More than 3000 Tamils were killed within just 10 days. Particularly gruesome were:
The butchering of 52 Tamil political prisoners in Colombo’s jail. Thirty-five were killed on July 25 by Sinhalese prisoners convicted of murder, rape and other heinous crimes who were handpicked by the warders, plied with liquor and let loose on the Tamil prisoners. On July 27, the survivors of the previous massacre were attacked and 17 prisoners killed.

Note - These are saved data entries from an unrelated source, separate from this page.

(* In the setting described in the context, let $p$ be a prime, $k\ge1$ an integer, $1\le j\le r$, and $n_0,\dots,n_{j-1}\in\mathbb Z$ such that $\big(u_j+\sum_{i=0}^{j-1}n_iu_i\big)h'\in p^kL$. Then $p^k$ divides the integer $c_{jj0}$, and therefore $p^k$ divides $\lambda$.
   Context: Let $\mathbb K$ be a number field of degree $d=r+2\ge2$ with exactly one pair of complex conjugate embeddings; order its embeddings $\sigma_1,\dots,\sigma_r$ (real), $\sigma_{\mathbb C}$, $\overline{\sigma_{\mathbb C}}$; a $\mathbb Q$-basis $(e_0,\dots,e_{r+1})$ of $\mathbb K$ is positive if $i\cdot\det(\sigma_j(e_{k-1}))_{1\le j,k\le d}>0$. Let $\mathfrak f\ne\mathcal O_{\mathbb K}$ be an integral ideal, $q\mathbb Z=\mathfrak f\cap\mathbb Z$, $\mathfrak b$ an integral ideal coprime to $\mathfrak f$, $L=\mathfrak f\mathfrak b^{-1}$, $\mathfrak a$ an integral ideal coprime to $\mathfrak f\mathfrak b$ with $\mathfrak a^{-1}L/L$ cyclic, $N=\mathcal N(\mathfrak a)$; $h\in L$ is admissible if $h/q-1\in L$ and $h/N$ generates $\mathfrak a^{-1}L/L$. Let $\mathcal O^{+,\times}_{\mathfrak f}$ be the group of units $\equiv1\bmod\mathfrak f$ positive at all real embeddings, $u_1,\dots,u_r\in\mathcal O^{+,\times}_{\mathfrak f}$ with $1,u_1,\dots,u_r$ linearly independent over $\mathbb Q$, $u_0=1$. Let $h=mh'\in L$ be admissible with $m\in\mathbb Z_{>0}$ and $h'$ primitive in $L$. Fix a positive $\mathbb Z$-basis $(e_0=h',e_1,\dots,e_{r+1})$ of $L$ such that $u_ih'=\sum_{k=0}^ic_{ik0}e_k$ with $c_{ik0}\in\mathbb Z$ and $c_{ii0}>0$ for $1\le i\le r$, and put $\lambda=\prod_{i=1}^rc_{ii0}$. *)

theory Defs
  imports "HOL-Computational_Algebra.Polynomial"
begin

definition alg_int :: "'k::field_char_0 \<Rightarrow> bool" where
  "alg_int x \<longleftrightarrow> (\<exists>P::int poly. lead_coeff P = 1 \<and> poly (map_poly of_int P) x = 0)"

definition alg_unit :: "'k::field_char_0 \<Rightarrow> bool" where
  "alg_unit x \<longleftrightarrow> x \<noteq> 0 \<and> alg_int x \<and> alg_int (inverse x)"

definition is_Q_basis :: "(nat \<Rightarrow> 'k::field_char_0) \<Rightarrow> nat \<Rightarrow> bool" where
  "is_Q_basis e d \<longleftrightarrow>
     (\<forall>x. \<exists>!a::nat \<Rightarrow> rat. (\<forall>k\<ge>d. a k = 0) \<and> x = (\<Sum>k<d. of_rat (a k) * e k))"

definition Q_lin_indep :: "(nat \<Rightarrow> 'k::field_char_0) \<Rightarrow> nat \<Rightarrow> bool" where
  "Q_lin_indep v n \<longleftrightarrow>
     (\<forall>a::nat \<Rightarrow> rat. (\<Sum>i<n. of_rat (a i) * v i) = 0 \<longrightarrow> (\<forall>i<n. a i = 0))"

definition int_span :: "(nat \<Rightarrow> 'k::field_char_0) \<Rightarrow> nat \<Rightarrow> 'k set" where
  "int_span e d = {(\<Sum>k<d. of_int (a k) * e k) | a::nat \<Rightarrow> int. True}"

definition scale_set :: "'k::field_char_0 \<Rightarrow> 'k set \<Rightarrow> 'k set" where
  "scale_set t L = {t * y | y. y \<in> L}"

end

theory Submission
  imports Defs
begin

text \<open>The hypothesis says that an integer combination of the rows of the lower triangular
  integer matrix (c i l), the row of u 0 = 1 being (1, 0, 0, ...), lies in p^k L.
  Its e j-coordinate is c j j, because the rows i < j vanish from column j on; and since the
  coordinates with respect to the basis e are unique, every coordinate of an element of
  p^k L is divisible by p^k.\<close>

lemma is_Q_basis_int_coeffs_eq:
  assumes basis: "is_Q_basis e d"
    and eq: "(\<Sum>l<d. of_int (a l) * e l) = (\<Sum>l<d. of_int (b l) * e l)"
    and "l < d"
  shows "a l = b l"
proof -
  define A :: "nat \<Rightarrow> rat" where "A l = (if l < d then of_int (a l) else 0)" for l
  define B :: "nat \<Rightarrow> rat" where "B l = (if l < d then of_int (b l) else 0)" for l
  have "(\<Sum>l<d. of_rat (A l) * e l) = (\<Sum>l<d. of_rat (B l) * e l)"
    using eq by (simp add: A_def B_def)
  moreover have "\<forall>x. \<exists>!a::nat \<Rightarrow> rat. (\<forall>k\<ge>d. a k = 0) \<and> x = (\<Sum>k<d. of_rat (a k) * e k)"
    using basis unfolding is_Q_basis_def .
  ultimately have "A = B"
    by (metis (no_types, lifting) A_def B_def not_le)
  then show ?thesis
    using \<open>l < d\<close> by (metis A_def B_def of_int_eq_iff)
qed

lemma int_span_scale_coeff_dvd:
  assumes basis: "is_Q_basis e d"
    and mem: "(\<Sum>l<d. of_int (b l) * e l) \<in> scale_set (of_int m) (int_span e d)"
    and "l < d"
  shows "m dvd b l"
proof -
  obtain a where "(\<Sum>l<d. of_int (b l) * e l) = of_int m * (\<Sum>l<d. of_int (a l) * e l)"
    using mem unfolding scale_set_def int_span_def by auto
  also have "\<dots> = (\<Sum>l<d. of_int (m * a l) * e l)"
    by (simp add: sum_distrib_left mult.assoc)
  finally have "b l = m * a l"
    by (rule is_Q_basis_int_coeffs_eq[OF basis _ \<open>l < d\<close>])
  then show ?thesis by simp
qed

lemma int_combination_coeffs:
  fixes e :: "nat \<Rightarrow> 'a::comm_ring_1"
  assumes "\<And>i. i \<in> I \<Longrightarrow> v i = (\<Sum>l<d. of_int (C i l) * e l)"
  shows "(\<Sum>i\<in>I. of_int (n i) * v i) = (\<Sum>l<d. of_int (\<Sum>i\<in>I. n i * C i l) * e l)"
proof -
  have "(\<Sum>i\<in>I. of_int (n i) * v i) = (\<Sum>i\<in>I. \<Sum>l<d. of_int (n i * C i l) * e l)"
    using assms by (simp add: sum_distrib_left mult.assoc)
  also have "\<dots> = (\<Sum>l<d. of_int (\<Sum>i\<in>I. n i * C i l) * e l)"
    by (subst sum.swap) (simp add: sum_distrib_right)
  finally show ?thesis .
qed

lemma sum_lessThan_eq_sum_atMost:
  fixes i d :: nat
  assumes "i < d" and "\<And>l. i < l \<Longrightarrow> g l = 0"
  shows "(\<Sum>l<d. g l) = (\<Sum>l\<le>i. g l)"
  using assms by (intro sum.mono_neutral_right) auto

theorem lemma17:
  fixes r :: nat
    and L :: "'k::field_char_0 set"
    and e :: "nat \<Rightarrow> 'k"
    and u :: "nat \<Rightarrow> 'k"
    and h' :: 'k
    and c :: "nat \<Rightarrow> nat \<Rightarrow> int"
    and p :: int and k :: nat and j :: nat
    and n :: "nat \<Rightarrow> int"
  assumes Kbasis: "is_Q_basis e (r + 2)"
    and L_def: "L = int_span e (r + 2)"
    and L_module: "\<And>a x. alg_int a \<Longrightarrow> x \<in> L \<Longrightarrow> a * x \<in> L"
    and e0: "e 0 = h'"
    and u0: "u 0 = 1"
    and units: "\<And>i. 1 \<le> i \<Longrightarrow> i \<le> r \<Longrightarrow> alg_unit (u i)"
    and indep: "Q_lin_indep u (r + 1)"
    and expand: "\<And>i. 1 \<le> i \<Longrightarrow> i \<le> r \<Longrightarrow> u i * h' = (\<Sum>l\<le>i. of_int (c i l) * e l)"
    and cpos: "\<And>i. 1 \<le> i \<Longrightarrow> i \<le> r \<Longrightarrow> c i i > 0"
    and p: "prime p" and k: "k \<ge> 1" and j: "1 \<le> j" "j \<le> r"
    and hyp: "(u j + (\<Sum>i<j. of_int (n i) * u i)) * h' \<in> scale_set (of_int (p ^ k)) L"
  shows "p ^ k dvd c j j \<and> p ^ k dvd (\<Prod>i=1..r. c i i)"
proof -
  define C where "C i l = (if l \<le> i then if i = 0 then 1 else c i l else 0)" for i l
  have rows: "u i * h' = (\<Sum>l<r + 2. of_int (C i l) * e l)" if "i \<le> r" for i
  proof -
    have "(\<Sum>l<r + 2. of_int (C i l) * e l) = (\<Sum>l\<le>i. of_int (C i l) * e l)"
      using that by (intro sum_lessThan_eq_sum_atMost) (auto simp: C_def)
    also have "\<dots> = u i * h'"
      using expand[of i] that u0 e0 by (cases "i = 0") (simp_all add: C_def)
    finally show ?thesis by simp
  qed
  have "(u j + (\<Sum>i<j. of_int (n i) * u i)) * h'
      = u j * h' + (\<Sum>i<j. of_int (n i) * (u i * h'))"
    by (simp add: distrib_right sum_distrib_right mult.assoc)
  also have "(\<Sum>i<j. of_int (n i) * (u i * h')) = (\<Sum>l<r + 2. of_int (\<Sum>i<j. n i * C i l) * e l)"
    using rows j by (intro int_combination_coeffs) simp
  also have "u j * h' + (\<Sum>l<r + 2. of_int (\<Sum>i<j. n i * C i l) * e l)
      = (\<Sum>l<r + 2. of_int (C j l + (\<Sum>i<j. n i * C i l)) * e l)"
    using rows j by (simp only: sum.distrib[symmetric] distrib_right of_int_add)
  finally have "(\<Sum>l<r + 2. of_int (C j l + (\<Sum>i<j. n i * C i l)) * e l)
      \<in> scale_set (of_int (p ^ k)) (int_span e (r + 2))"
    using hyp L_def by metis
  then have "p ^ k dvd C j j + (\<Sum>i<j. n i * C i j)"
    by (rule int_span_scale_coeff_dvd[OF Kbasis]) (use j in simp)
  moreover have "C j j + (\<Sum>i<j. n i * C i j) = c j j"
    using j by (simp add: C_def)
  ultimately have "p ^ k dvd c j j" by simp
  moreover have "c j j dvd (\<Prod>i=1..r. c i i)"
    using j by (intro dvd_prodI) auto
  ultimately show ?thesis using dvd_trans by blast
qed

end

The harrowing mass murder witnessed by a Norwegian tourist, Eli Skarstein, and her 15-year-old daughter Kristen. They watched helplessly as a mini-bus full of Tamils was set on fire by a Sinhalese mob. The doors were locked by the mob before setting the bus alight. More than 100 spectators watched as 20 Tamils were burned to death.
Paul Seighart, chairperson of the British section of the International Commission of Jurists, who was sent to Sri Lanka by the ICJ on a fact-finding mission, wrote that the anti-Tamil violence of July 1983 was “a series of deliberate acts, executed in accordance with a concerted plan, conceived and organised well in advance”. The Review, an ICJ publication, declared that the violence “amounted to acts of genocide”.

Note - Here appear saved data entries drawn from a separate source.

(* For $n\ge 3$ let $C_n$ be the cycle graph with $n$ vertices, and let $\mathbb{Z}$ denote the one-dimensional integer lattice (the infinite 2-regular path graph on vertex set $\mathbb{Z}$ with edges $\{k,k+1\}$). Then for every complex $u$ with $|u|<1$, \[ \lim_{n\to\infty}\zeta_{C_n}(u)=\zeta_{\mathbb{Z}}(u). \]
   Context: For a vertex transitive $(q+1)$-regular graph $G$ and a fixed vertex $x_0$, the generalized Ihara zeta function is $\zeta_G(u)=\exp\big(\sum_{m\ge1}\frac{N^0_m}{m}u^m\big)$, where $N^0_m$ is the number of reduced $x_0$-cycles of length $m$ in $G$. Here a path of length $m$ is a sequence $(e_1,\ldots,e_m)$ of oriented edges (arcs) with the terminus of $e_i$ equal to the origin of $e_{i+1}$; it has a backtracking if $e_{i+1}=e_i^{-1}$ for some $i$ (where $e^{-1}$ is the reversed arc); an $x_0$-cycle is a path starting and ending at $x_0$; it has a tail if $e_m=e_1^{-1}$; it is reduced if it has neither a backtracking nor a tail. *)

theory Defs
  imports Complex_Main
begin

text \<open>A graph is given by a symmetric adjacency relation on a vertex type.
  Arcs (oriented edges) are pairs (x, y) with adj x y; a path is a list of arcs.\<close>

definition rev_arc :: "'a \<times> 'a \<Rightarrow> 'a \<times> 'a" where
  "rev_arc e = (snd e, fst e)"

definition is_path :: "('a \<Rightarrow> 'a \<Rightarrow> bool) \<Rightarrow> ('a \<times> 'a) list \<Rightarrow> bool" where
  "is_path adj p \<longleftrightarrow> (\<forall>e\<in>set p. adj (fst e) (snd e)) \<and>
     (\<forall>i. Suc i < length p \<longrightarrow> snd (p ! i) = fst (p ! Suc i))"

definition is_cycle_at :: "('a \<Rightarrow> 'a \<Rightarrow> bool) \<Rightarrow> 'a \<Rightarrow> ('a \<times> 'a) list \<Rightarrow> bool" where
  "is_cycle_at adj x0 p \<longleftrightarrow> is_path adj p \<and> p \<noteq> [] \<and> fst (hd p) = x0 \<and> snd (last p) = x0"

definition has_backtracking :: "('a \<times> 'a) list \<Rightarrow> bool" where
  "has_backtracking p \<longleftrightarrow> (\<exists>i. Suc i < length p \<and> p ! Suc i = rev_arc (p ! i))"

definition has_tail :: "('a \<times> 'a) list \<Rightarrow> bool" where
  "has_tail p \<longleftrightarrow> p \<noteq> [] \<and> last p = rev_arc (hd p)"

definition reduced_cycles :: "('a \<Rightarrow> 'a \<Rightarrow> bool) \<Rightarrow> 'a \<Rightarrow> nat \<Rightarrow> ('a \<times> 'a) list set" where
  "reduced_cycles adj x0 m = {p. length p = m \<and> is_cycle_at adj x0 p \<and>
      \<not> has_backtracking p \<and> \<not> has_tail p}"

definition num_reduced_cycles :: "('a \<Rightarrow> 'a \<Rightarrow> bool) \<Rightarrow> 'a \<Rightarrow> nat \<Rightarrow> nat" where
  "num_reduced_cycles adj x0 m = card (reduced_cycles adj x0 m)"

definition ihara_zeta :: "('a \<Rightarrow> 'a \<Rightarrow> bool) \<Rightarrow> 'a \<Rightarrow> complex \<Rightarrow> complex" where
  "ihara_zeta adj x0 u =
     exp (\<Sum>m. of_nat (num_reduced_cycles adj x0 (Suc m)) / of_nat (Suc m) * u ^ Suc m)"

definition cycle_adj :: "nat \<Rightarrow> nat \<Rightarrow> nat \<Rightarrow> bool" where
  "cycle_adj n x y \<longleftrightarrow> x < n \<and> y < n \<and> (y = Suc x mod n \<or> x = Suc y mod n)"

definition int_adj :: "int \<Rightarrow> int \<Rightarrow> bool" where
  "int_adj x y \<longleftrightarrow> \<bar>x - y\<bar> = 1"

end

(*
  In a 2-regular graph a reduced path is determined by its starting vertex and its first step:
  it keeps walking in one direction. On the integer line such a walk never returns to 0, so
  zeta_Z = 1. On C_n there are at most two reduced cycles of each length and none of length
  below n. Hence the coefficients of log zeta_{C_n} are uniformly bounded and eventually 0
  termwise, and Tannery's theorem lets the limit pass through the series.
*)
theory Submission
  imports Defs "HOL-Analysis.Uniform_Limit"
begin

definition walk :: "(int \<Rightarrow> 'a) \<Rightarrow> int \<Rightarrow> nat \<Rightarrow> ('a \<times> 'a) list" where
  "walk g d m = map (\<lambda>i. (g (d * int i), g (d * int (Suc i)))) [0..<m]"

text \<open>The hypothesis on \<open>g\<close> below says that \<open>g\<close> is a covering of the graph by the integer
  line, e.g. reduction mod \<open>n\<close> onto \<open>C\<^sub>n\<close>: non-backtracking paths then lift uniquely once
  their first step is chosen.\<close>

lemma non_backtracking_path_eq_walk:
  fixes g :: "int \<Rightarrow> 'a"
  assumes cover: "\<And>k y. adj (g k) y \<longleftrightarrow> y = g (k + 1) \<or> y = g (k - 1)"
    and path: "is_path adj p" and "\<not> has_backtracking p" and start: "fst (hd p) = g 0"
  shows "\<exists>d\<in>{1, -1}. p = walk g d (length p)"
proof (cases "p = []")
  case True
  then show ?thesis by (intro bexI[of _ 1]) (auto simp: walk_def)
next
  case False
  have arc: "adj (fst (p ! i)) (snd (p ! i))" if "i < length p" for i
    using path that unfolding is_path_def by (metis nth_mem)
  have "fst (p ! 0) = g 0" using start False by (simp add: hd_conv_nth)
  with arc[of 0] False cover obtain d where d: "d \<in> {1, -1}" "snd (p ! 0) = g d"
    by force
  have "p ! i = (g (d * int i), g (d * int (Suc i)))" if "i < length p" for i
    using that
  proof (induction i)
    case 0
    with \<open>fst (p ! 0) = g 0\<close> d show ?case by (simp add: prod_eq_iff)
  next
    case (Suc i)
    then have prev: "p ! i = (g (d * int i), g (d * int (Suc i)))" by simp
    have head: "fst (p ! Suc i) = g (d * int (Suc i))"
      using path Suc.prems prev unfolding is_path_def by auto
    have "p ! Suc i \<noteq> rev_arc (p ! i)"
      using \<open>\<not> has_backtracking p\<close> Suc.prems unfolding has_backtracking_def by blast
    then have "snd (p ! Suc i) \<noteq> g (d * int i)"
      using head prev by (auto simp: rev_arc_def prod_eq_iff)
    moreover have
      "snd (p ! Suc i) = g (d * int (Suc i) + 1) \<or> snd (p ! Suc i) = g (d * int (Suc i) - 1)"
      using arc[OF Suc.prems] head cover by simp
    ultimately have "snd (p ! Suc i) = g (d * int (Suc (Suc i)))"
      using d(1) by (auto simp: algebra_simps)
    with head show ?case by (simp add: prod_eq_iff)
  qed
  then have "p = walk g d (length p)"
    by (intro nth_equalityI) (auto simp: walk_def)
  with d(1) show ?thesis by blast
qed

lemma reduced_cycle_eq_closed_walk:
  fixes g :: "int \<Rightarrow> 'a"
  assumes cover: "\<And>k y. adj (g k) y \<longleftrightarrow> y = g (k + 1) \<or> y = g (k - 1)"
    and p: "p \<in> reduced_cycles adj (g 0) m"
  shows "\<exists>d\<in>{1, -1}. p = walk g d m \<and> g (d * int m) = g 0 \<and> m > 0"
proof -
  from p have cycle: "is_cycle_at adj (g 0) p" and len: "length p = m"
    and "\<not> has_backtracking p"
    unfolding reduced_cycles_def by auto
  then obtain d where d: "d \<in> {1, -1}" "p = walk g d m"
    using non_backtracking_path_eq_walk[OF cover] unfolding is_cycle_at_def by blast
  from cycle have "m > 0" and "snd (last p) = g 0"
    using len unfolding is_cycle_at_def by auto
  moreover have "snd (last p) = g (d * int m)"
    using d(2) \<open>m > 0\<close> by (simp add: walk_def last_map)
  ultimately show ?thesis using d by auto
qed

lemma num_reduced_cycles_le_two:
  fixes g :: "int \<Rightarrow> 'a"
  assumes cover: "\<And>k y. adj (g k) y \<longleftrightarrow> y = g (k + 1) \<or> y = g (k - 1)"
  shows "num_reduced_cycles adj (g 0) m \<le> 2"
proof -
  have "reduced_cycles adj (g 0) m \<subseteq> (\<lambda>d. walk g d m) ` {1, -1}"
    using reduced_cycle_eq_closed_walk[OF cover] by blast
  then have "num_reduced_cycles adj (g 0) m \<le> card ((\<lambda>d. walk g d m) ` {1, -1})"
    unfolding num_reduced_cycles_def by (intro card_mono) auto
  also have "\<dots> \<le> 2"
    using card_image_le[of "{1, -1}" "\<lambda>d. walk g d m"] by simp
  finally show ?thesis .
qed

lemma num_reduced_cycles_int: "num_reduced_cycles int_adj 0 m = 0"
proof -
  have cover: "int_adj k y \<longleftrightarrow> y = k + 1 \<or> y = k - 1" for k y
    by (auto simp: int_adj_def abs_if)
  have "reduced_cycles int_adj 0 m = {}"
    using reduced_cycle_eq_closed_walk[of int_adj "\<lambda>k. k"] cover by fastforce
  then show ?thesis by (simp add: num_reduced_cycles_def)
qed

lemma cycle_adj_mod_iff:
  assumes "n > 0"
  shows "cycle_adj n (nat (k mod int n)) y \<longleftrightarrow>
    y = nat ((k + 1) mod int n) \<or> y = nat ((k - 1) mod int n)"
proof -
  define x where "x = nat (k mod int n)"
  have x: "int x = k mod int n" "x < n"
    using assms by (auto simp: x_def nat_less_iff)
  have "y = Suc x mod n \<longleftrightarrow> int y = (k + 1) mod int n"
    using x(1) by (metis mod_add_left_eq of_nat_Suc of_nat_mod add.commute of_nat_eq_iff)
  moreover have "y < n \<and> x = Suc y mod n \<longleftrightarrow> int y = (k - 1) mod int n"
  proof -
    have "x = Suc y mod n \<longleftrightarrow> int x = int (Suc y mod n)"
      by (rule of_nat_eq_iff[symmetric])
    also have "\<dots> \<longleftrightarrow> k mod int n = (int y + 1) mod int n"
      using x(1) by (simp add: of_nat_mod add.commute)
    also have "\<dots> \<longleftrightarrow> (k - 1) mod int n = int y mod int n"
      by (simp add: mod_eq_dvd_iff algebra_simps)
    finally have "x = Suc y mod n \<longleftrightarrow> (k - 1) mod int n = int y mod int n" .
    moreover have "int y = (k - 1) mod int n \<Longrightarrow> y < n"
      using assms by (metis of_nat_less_iff pos_mod_bound of_nat_0_less_iff)
    ultimately show ?thesis by auto
  qed
  moreover have "cycle_adj n x y \<longleftrightarrow> y = Suc x mod n \<or> y < n \<and> x = Suc y mod n"
    using x(2) assms by (auto simp: cycle_adj_def)
  moreover have "int y = j mod int n \<longleftrightarrow> y = nat (j mod int n)" for j
    using assms by auto
  ultimately show ?thesis
    by (simp add: x_def)
qed

lemma num_reduced_cycles_cycle_eq_0:
  assumes "m < n"
  shows "num_reduced_cycles (cycle_adj n) 0 m = 0"
proof -
  let ?g = "\<lambda>k. nat (k mod int n)"
  have "reduced_cycles (cycle_adj n) (?g 0) m = {}"
  proof (rule equals0I)
    fix p assume "p \<in> reduced_cycles (cycle_adj n) (?g 0) m"
    then obtain d :: int where "d \<in> {1, -1}" "?g (d * int m) = 0" "m > 0"
      using reduced_cycle_eq_closed_walk[of "cycle_adj n" ?g] cycle_adj_mod_iff assms by force
    moreover have "(d * int m) mod int n \<ge> 0"
      using assms by simp
    ultimately have "(d * int m) mod int n = 0"
      by simp
    then have "int n dvd int m"
      using \<open>d \<in> {1, -1}\<close> by auto
    with \<open>m > 0\<close> assms show False by (auto dest: dvd_imp_le)
  qed
  then show ?thesis by (simp add: num_reduced_cycles_def)
qed

lemma num_reduced_cycles_cycle_le_two:
  assumes "n > 0"
  shows "num_reduced_cycles (cycle_adj n) 0 m \<le> 2"
  using num_reduced_cycles_le_two[of "cycle_adj n" "\<lambda>k. nat (k mod int n)"]
    cycle_adj_mod_iff[OF assms] by simp

lemma tendsto_ihara_zeta:
  fixes adj :: "'i \<Rightarrow> 'a \<Rightarrow> 'a \<Rightarrow> bool" and adj' :: "'b \<Rightarrow> 'b \<Rightarrow> bool" and C :: nat
  assumes coeffs:
      "\<And>m. eventually (\<lambda>i. num_reduced_cycles (adj i) (x i) m = num_reduced_cycles adj' x' m) F"
    and bounded: "eventually (\<lambda>i. \<forall>m. num_reduced_cycles (adj i) (x i) m \<le> C) F"
    and u: "norm u < 1" and nontrivial: "F \<noteq> bot"
  shows "((\<lambda>i. ihara_zeta (adj i) (x i) u) \<longlongrightarrow> ihara_zeta adj' x' u) F"
proof -
  define a where
    "a k i = of_nat (num_reduced_cycles (adj i) (x i) (Suc k)) / of_nat (Suc k) * u ^ Suc k" for k i
  define b where
    "b k = of_nat (num_reduced_cycles adj' x' (Suc k)) / of_nat (Suc k) * u ^ Suc k" for k
  have limit: "((\<lambda>i. a k i) \<longlongrightarrow> b k) F" for k
    using coeffs[of "Suc k"]
    by (intro tendsto_eventually) (auto simp: a_def b_def elim: eventually_mono)
  have norm_bound: "norm (a k i) \<le> C * norm u ^ Suc k"
    if "num_reduced_cycles (adj i) (x i) (Suc k) \<le> C" for k i
  proof -
    have "norm (a k i) = num_reduced_cycles (adj i) (x i) (Suc k) / Suc k * norm u ^ Suc k"
      by (simp add: a_def norm_mult norm_divide norm_power del: of_nat_Suc)
    also have "\<dots> \<le> num_reduced_cycles (adj i) (x i) (Suc k) * norm u ^ Suc k"
      by (intro mult_right_mono) (auto simp: divide_le_eq mult_le_cancel_left1)
    also have "\<dots> \<le> C * norm u ^ Suc k"
      using that by (intro mult_right_mono) auto
    finally show ?thesis .
  qed
  have bound: "eventually (\<lambda>(k, i). norm (a k i) \<le> C * norm u ^ Suc k) (at_top \<times>\<^sub>F F)"
    using eventually_prodI[OF eventually_True[of sequentially] bounded]
    by (rule eventually_mono) (auto intro: norm_bound simp del: power_Suc)
  have summable: "summable (\<lambda>k. C * norm u ^ Suc k)"
    using u by (intro summable_mult summable_geometric_iff[THEN iffD2]) simp
  have "((\<lambda>i. \<Sum>k. a k i) \<longlongrightarrow> (\<Sum>k. b k)) F"
    using tannerys_theorem[of a b, OF limit bound summable nontrivial] by blast
  then show ?thesis
    unfolding ihara_zeta_def a_def b_def by (rule tendsto_exp)
qed

theorem theorem4:
  fixes u :: complex
  assumes "norm u < 1"
  shows "(\<lambda>n. ihara_zeta (cycle_adj n) 0 u) \<longlonglongrightarrow> ihara_zeta int_adj 0 u"
proof (rule tendsto_ihara_zeta)
  show "\<forall>\<^sub>F n in sequentially.
          num_reduced_cycles (cycle_adj n) 0 m = num_reduced_cycles int_adj 0 m" for m
    using eventually_gt_at_top[of m]
    by (rule eventually_mono) (simp add: num_reduced_cycles_cycle_eq_0 num_reduced_cycles_int)
  show "\<forall>\<^sub>F n in sequentially. \<forall>m. num_reduced_cycles (cycle_adj n) 0 m \<le> 2"
    using eventually_gt_at_top[of 0]
    by (rule eventually_mono) (simp add: num_reduced_cycles_cycle_le_two)
qed (use assms in simp_all)

end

Sri Lankan industries minister Cyril Matthew was the mastermind behind the violence, arming the marauding mobs with electoral lists identifying Tamil households, and providing transport in government vehicles. Two years earlier the same minister was responsible for burning down the Jaffna Public Library, which held more than 95,000 books and manuscripts. The minister proved the German poet Heinrich Heine’s prediction that people who burn books will end up burning people.

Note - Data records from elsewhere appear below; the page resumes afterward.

text \<open>For multipartitions with a fixed multicharge s, the number of nodes of residue c is an
  affine function, with coefficients depending only on s, of the column sums of the runner charges
  t^k_i and of the total of 2 wt(\<lambda>^(k)) + \<Sum>_i (t^k_i^2 - t^k_i). These data therefore determine
  the block, and since every choice of runner charges and weight is realised by a partition, two
  components of an element may be replaced freely as long as the data are kept.

  In a non-core Rouquier block, moving all weight of some element onto a single component shows via
  the Rouquier condition that every component of that element has weakly increasing charges, so all
  column differences \<Sum>_k (t^k_i' - t^k_i) are nonnegative. If one component dropped by 2 or more,
  some other component m would rise; trading a unit of charge between the two and moving all weight
  onto m produces an element of the block violating the Rouquier bound for m.\<close>

section \<open>Partitions and beta-sets\<close>

lemma part_antimono:
  assumes "is_partition lam" "1 \<le> i" "i \<le> j"
  shows "part lam j \<le> part lam i"
proof (cases "j \<le> length lam \<and> i < j")
  case True
  hence "i - 1 < j - 1" "j - 1 < length lam" using assms(2) by auto
  hence "lam ! (j - 1) \<le> lam ! (i - 1)"
    using assms(1) sorted_wrt_nth_less unfolding is_partition_def by fastforce
  thus ?thesis using True assms by (simp add: part_def)
next
  case False
  thus ?thesis using assms by (auto simp: part_def)
qed

lemma part_pos:
  assumes "is_partition lam" "1 \<le> j" "j \<le> length lam"
  shows "part lam j > 0"
proof -
  have "lam ! (j - 1) \<in> set lam" using assms by simp
  hence "lam ! (j - 1) \<noteq> 0" using assms(1) unfolding is_partition_def by metis
  thus ?thesis using assms by (simp add: part_def)
qed

lemma partition_eqI:
  assumes "is_partition l1" "is_partition l2" "\<And>j. 1 \<le> j \<Longrightarrow> part l1 j = part l2 j"
  shows "l1 = l2"
proof -
  have "\<not> length l1 < length l2" if "is_partition l2" "\<And>j. 1 \<le> j \<Longrightarrow> part l1 j = part l2 j"
    for l1 l2
    using part_pos[OF that(1), of "Suc (length l1)"] that(2)[of "Suc (length l1)"]
    by (auto simp: part_def)
  hence len: "length l1 = length l2"
    using assms by (metis linorder_neqE_nat)
  show ?thesis
  proof (rule nth_equalityI[OF len])
    fix i assume "i < length l1"
    thus "l1 ! i = l2 ! i" using assms(3)[of "Suc i"] len by (simp add: part_def)
  qed
qed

Anti-Tamil violence became a common feature in the island’s post-colonial political landscape. Between 1958 and 1983, there were seven pogroms, each more violent than the preceding one, designed to beat the Tamils into submission by killing, maiming, burning and destroying their property. In July 1983, Tamils were beaten, hacked and burned to death in a frenzy of racial hatred. Tamils were faced with a stark choice of fleeing or fighting. While thousands fled, others stayed on to fight.
Australia and Canada were the first countries to offer refuge to Tamil survivors of what became known as “Black July”. Today, there are well over 60,000 Tamils in Australia, many of whom are survivors of Black July and their descendants.
Anti-Tamil pogroms have not occurred since July 1983. Instead, the Sri Lankan government has waged war on the Tamil people, whose quest for independence was boosted in 1983. However there are ominous signs that such a pogrom may well be in the offing.
State-orchestrated and army-aided mob violence unleashed against the Tamils of Trincomalee in April 2006 was reminiscent of the way in which the events unfolded in July 1983. Entire Tamil families have been massacred by the Sri Lankan army, as was the case just prior to Black July.
Open threats have been made by members of the National Sinhala Rights Party, which is part of the Sri Lankan ruling coalition, of “dire consequences” for Tamils living in the Sinhala South.
Tamils have endured persecution and oppression far too long. It is time for them to be free and to be masters of their own destiny.
[Tamils in Melbourne and Sydney are commemorating the massacre on July 23-25 with events including a 24-hour fast and vigil, to remember the victims and draw attention to the ongoing persecution of the Tamil people.]